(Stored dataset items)
:::::

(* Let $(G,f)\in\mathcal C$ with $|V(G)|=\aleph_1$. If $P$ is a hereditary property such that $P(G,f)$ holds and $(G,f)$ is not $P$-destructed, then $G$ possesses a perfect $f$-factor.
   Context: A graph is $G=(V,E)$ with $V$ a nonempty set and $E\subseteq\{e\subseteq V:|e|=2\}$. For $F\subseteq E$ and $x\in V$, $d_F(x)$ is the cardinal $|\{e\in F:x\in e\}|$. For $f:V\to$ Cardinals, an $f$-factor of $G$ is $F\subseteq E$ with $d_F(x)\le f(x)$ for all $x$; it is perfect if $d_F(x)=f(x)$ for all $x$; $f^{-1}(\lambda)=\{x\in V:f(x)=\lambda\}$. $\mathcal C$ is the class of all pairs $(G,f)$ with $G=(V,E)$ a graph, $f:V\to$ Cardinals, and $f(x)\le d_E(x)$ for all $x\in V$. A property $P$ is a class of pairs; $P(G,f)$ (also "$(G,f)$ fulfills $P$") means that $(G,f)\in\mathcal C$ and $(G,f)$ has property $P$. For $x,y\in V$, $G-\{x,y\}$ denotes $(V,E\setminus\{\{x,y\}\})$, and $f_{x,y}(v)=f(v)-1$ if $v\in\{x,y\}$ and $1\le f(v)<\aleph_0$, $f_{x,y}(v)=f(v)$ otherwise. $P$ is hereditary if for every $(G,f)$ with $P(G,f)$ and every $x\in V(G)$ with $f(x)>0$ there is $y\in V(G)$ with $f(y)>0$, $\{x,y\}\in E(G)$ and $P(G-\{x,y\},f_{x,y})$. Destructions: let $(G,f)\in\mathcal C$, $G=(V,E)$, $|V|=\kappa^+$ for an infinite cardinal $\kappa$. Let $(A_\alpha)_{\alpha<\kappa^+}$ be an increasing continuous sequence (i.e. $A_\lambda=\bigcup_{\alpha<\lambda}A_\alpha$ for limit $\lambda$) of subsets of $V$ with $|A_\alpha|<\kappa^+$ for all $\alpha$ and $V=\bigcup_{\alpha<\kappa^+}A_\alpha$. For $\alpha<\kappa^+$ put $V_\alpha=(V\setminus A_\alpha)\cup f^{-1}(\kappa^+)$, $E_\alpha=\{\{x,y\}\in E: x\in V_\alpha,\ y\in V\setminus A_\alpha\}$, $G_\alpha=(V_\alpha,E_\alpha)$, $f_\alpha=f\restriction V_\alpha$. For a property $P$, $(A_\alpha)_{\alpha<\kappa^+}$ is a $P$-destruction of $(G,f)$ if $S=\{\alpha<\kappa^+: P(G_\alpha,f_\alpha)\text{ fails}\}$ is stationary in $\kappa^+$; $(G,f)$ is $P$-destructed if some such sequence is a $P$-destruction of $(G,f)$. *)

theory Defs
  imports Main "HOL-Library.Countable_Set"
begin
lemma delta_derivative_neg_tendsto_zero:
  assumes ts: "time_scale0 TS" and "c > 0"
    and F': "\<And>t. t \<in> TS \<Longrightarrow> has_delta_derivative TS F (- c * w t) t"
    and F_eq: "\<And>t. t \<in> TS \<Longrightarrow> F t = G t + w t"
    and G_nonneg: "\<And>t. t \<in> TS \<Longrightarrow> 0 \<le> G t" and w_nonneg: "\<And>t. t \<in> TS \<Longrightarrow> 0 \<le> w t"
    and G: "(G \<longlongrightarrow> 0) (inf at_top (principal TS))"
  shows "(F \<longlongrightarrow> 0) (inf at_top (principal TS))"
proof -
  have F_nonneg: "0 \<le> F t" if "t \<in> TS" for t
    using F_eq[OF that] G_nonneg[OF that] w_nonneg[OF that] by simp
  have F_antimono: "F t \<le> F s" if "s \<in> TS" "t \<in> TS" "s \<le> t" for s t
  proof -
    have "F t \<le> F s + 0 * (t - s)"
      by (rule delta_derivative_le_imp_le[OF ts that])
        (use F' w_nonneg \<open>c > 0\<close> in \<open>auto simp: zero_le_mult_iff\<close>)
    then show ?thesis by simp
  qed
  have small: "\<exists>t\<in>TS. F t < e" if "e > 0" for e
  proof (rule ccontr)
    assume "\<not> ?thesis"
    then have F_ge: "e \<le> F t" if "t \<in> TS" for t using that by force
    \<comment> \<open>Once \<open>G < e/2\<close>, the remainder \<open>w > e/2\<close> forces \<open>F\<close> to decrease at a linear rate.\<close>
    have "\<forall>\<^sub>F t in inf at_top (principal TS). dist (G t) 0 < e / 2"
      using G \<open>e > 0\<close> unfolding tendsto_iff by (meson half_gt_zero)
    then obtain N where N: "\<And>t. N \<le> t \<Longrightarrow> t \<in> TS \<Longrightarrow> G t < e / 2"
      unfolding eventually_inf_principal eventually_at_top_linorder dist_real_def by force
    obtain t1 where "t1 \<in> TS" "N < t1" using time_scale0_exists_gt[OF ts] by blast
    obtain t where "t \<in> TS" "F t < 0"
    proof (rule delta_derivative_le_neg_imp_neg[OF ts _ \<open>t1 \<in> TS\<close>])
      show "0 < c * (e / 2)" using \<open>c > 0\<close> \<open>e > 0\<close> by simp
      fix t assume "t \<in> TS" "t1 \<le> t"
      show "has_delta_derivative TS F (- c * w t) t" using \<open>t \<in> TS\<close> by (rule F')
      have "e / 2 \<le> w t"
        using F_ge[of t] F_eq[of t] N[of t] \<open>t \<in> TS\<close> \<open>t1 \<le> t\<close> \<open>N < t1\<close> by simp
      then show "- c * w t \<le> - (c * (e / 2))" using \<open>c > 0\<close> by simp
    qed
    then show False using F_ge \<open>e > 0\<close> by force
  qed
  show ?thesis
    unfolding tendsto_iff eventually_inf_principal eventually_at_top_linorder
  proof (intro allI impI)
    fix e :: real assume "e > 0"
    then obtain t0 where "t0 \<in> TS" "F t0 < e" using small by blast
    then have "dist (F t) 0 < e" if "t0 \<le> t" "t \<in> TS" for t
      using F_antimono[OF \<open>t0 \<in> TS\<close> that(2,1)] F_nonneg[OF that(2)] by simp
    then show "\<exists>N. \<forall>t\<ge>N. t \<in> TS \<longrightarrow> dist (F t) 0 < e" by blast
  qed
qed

:::::

Without leaving anything out, quote all the data.

Reply to the exercise:
(* Let $(G,f)\in\mathcal C$ with $|V(G)|=\aleph_1$. If $P$ is a hereditary property such that $P(G,f)$ holds and $(G,f)$ is not $P$-destructed, then $G$ possesses a perfect $f$-factor.
   Context: A graph is $G=(V,E)$ with $V$ a nonempty set and $E\subseteq\{e\subseteq V:|e|=2\}$. For $F\subseteq E$ and $x\in V$, $d_F(x)$ is the cardinal $|\{e\in F:x\in e\}|$. For $f:V\to$ Cardinals, an $f$-factor of $G$ is $F\subseteq E$ with $d_F(x)\le f(x)$ for all $x$; it is perfect if $d_F(x)=f(x)$ for all $x$; $f^{-1}(\lambda)=\{x\in V:f(x)=\lambda\}$. $\mathcal C$ is the class of all pairs $(G,f)$ with $G=(V,E)$ a graph, $f:V\to$ Cardinals, and $f(x)\le d_E(x)$ for all $x\in V$. A property $P$ is a class of pairs; $P(G,f)$ (also "$(G,f)$ fulfills $P$") means that $(G,f)\in\mathcal C$ and $(G,f)$ has property $P$. For $x,y\in V$, $G-\{x,y\}$ denotes $(V,E\setminus\{\{x,y\}\})$, and $f_{x,y}(v)=f(v)-1$ if $v\in\{x,y\}$ and $1\le f(v)<\aleph_0$, $f_{x,y}(v)=f(v)$ otherwise. $P$ is hereditary if for every $(G,f)$ with $P(G,f)$ and every $x\in V(G)$ with $f(x)>0$ there is $y\in V(G)$ with $f(y)>0$, $\{x,y\}\in E(G)$ and $P(G-\{x,y\},f_{x,y})$. Destructions: let $(G,f)\in\mathcal C$, $G=(V,E)$, $|V|=\kappa^+$ for an infinite cardinal $\kappa$. Let $(A_\alpha)_{\alpha<\kappa^+}$ be an increasing continuous sequence (i.e. $A_\lambda=\bigcup_{\alpha<\lambda}A_\alpha$ for limit $\lambda$) of subsets of $V$ with $|A_\alpha|<\kappa^+$ for all $\alpha$ and $V=\bigcup_{\alpha<\kappa^+}A_\alpha$. For $\alpha<\kappa^+$ put $V_\alpha=(V\setminus A_\alpha)\cup f^{-1}(\kappa^+)$, $E_\alpha=\{\{x,y\}\in E: x\in V_\alpha,\ y\in V\setminus A_\alpha\}$, $G_\alpha=(V_\alpha,E_\alpha)$, $f_\alpha=f\restriction V_\alpha$. For a property $P$, $(A_\alpha)_{\alpha<\kappa^+}$ is a $P$-destruction of $(G,f)$ if $S=\{\alpha<\kappa^+: P(G_\alpha,f_\alpha)\text{ fails}\}$ is stationary in $\kappa^+$; $(G,f)$ is $P$-destructed if some such sequence is a $P$-destruction of $(G,f)$. *)

theory Defs
  imports Main "HOL-Library.Countable_Set"
begin
lemma delta_derivative_neg_tendsto_zero:
  assumes ts: "time_scale0 TS" and "c > 0"
    and F': "\<And>t. t \<in> TS \<Longrightarrow> has_delta_derivative TS F (- c * w t) t"
    and F_eq: "\<And>t. t \<in> TS \<Longrightarrow> F t = G t + w t"
    and G_nonneg: "\<And>t. t \<in> TS \<Longrightarrow> 0 \<le> G t" and w_nonneg: "\<And>t. t \<in> TS \<Longrightarrow> 0 \<le> w t"
    and G: "(G \<longlongrightarrow> 0) (inf at_top (principal TS))"
  shows "(F \<longlongrightarrow> 0) (inf at_top (principal TS))"
proof -
  have F_nonneg: "0 \<le> F t" if "t \<in> TS" for t
    using F_eq[OF that] G_nonneg[OF that] w_nonneg[OF that] by simp
  have F_antimono: "F t \<le> F s" if "s \<in> TS" "t \<in> TS" "s \<le> t" for s t
  proof -
    have "F t \<le> F s + 0 * (t - s)"
      by (rule delta_derivative_le_imp_le[OF ts that])
        (use F' w_nonneg \<open>c > 0\<close> in \<open>auto simp: zero_le_mult_iff\<close>)
    then show ?thesis by simp
  qed
  have small: "\<exists>t\<in>TS. F t < e" if "e > 0" for e
  proof (rule ccontr)
    assume "\<not> ?thesis"
    then have F_ge: "e \<le> F t" if "t \<in> TS" for t using that by force
    \<comment> \<open>Once \<open>G < e/2\<close>, the remainder \<open>w > e/2\<close> forces \<open>F\<close> to decrease at a linear rate.\<close>
    have "\<forall>\<^sub>F t in inf at_top (principal TS). dist (G t) 0 < e / 2"
      using G \<open>e > 0\<close> unfolding tendsto_iff by (meson half_gt_zero)
    then obtain N where N: "\<And>t. N \<le> t \<Longrightarrow> t \<in> TS \<Longrightarrow> G t < e / 2"
      unfolding eventually_inf_principal eventually_at_top_linorder dist_real_def by force
    obtain t1 where "t1 \<in> TS" "N < t1" using time_scale0_exists_gt[OF ts] by blast
    obtain t where "t \<in> TS" "F t < 0"
    proof (rule delta_derivative_le_neg_imp_neg[OF ts _ \<open>t1 \<in> TS\<close>])
      show "0 < c * (e / 2)" using \<open>c > 0\<close> \<open>e > 0\<close> by simp
      fix t assume "t \<in> TS" "t1 \<le> t"
      show "has_delta_derivative TS F (- c * w t) t" using \<open>t \<in> TS\<close> by (rule F')
      have "e / 2 \<le> w t"
        using F_ge[of t] F_eq[of t] N[of t] \<open>t \<in> TS\<close> \<open>t1 \<le> t\<close> \<open>N < t1\<close> by simp
      then show "- c * w t \<le> - (c * (e / 2))" using \<open>c > 0\<close> by simp
    qed
    then show False using F_ge \<open>e > 0\<close> by force
  qed
  show ?thesis
    unfolding tendsto_iff eventually_inf_principal eventually_at_top_linorder
  proof (intro allI impI)
    fix e :: real assume "e > 0"
    then obtain t0 where "t0 \<in> TS" "F t0 < e" using small by blast
    then have "dist (F t) 0 < e" if "t0 \<le> t" "t \<in> TS" for t
      using F_antimono[OF \<open>t0 \<in> TS\<close> that(2,1)] F_nonneg[OF that(2)] by simp
    then show "\<exists>N. \<forall>t\<ge>N. t \<in> TS \<longrightarrow> dist (F t) 0 < e" by blast
  qed
qed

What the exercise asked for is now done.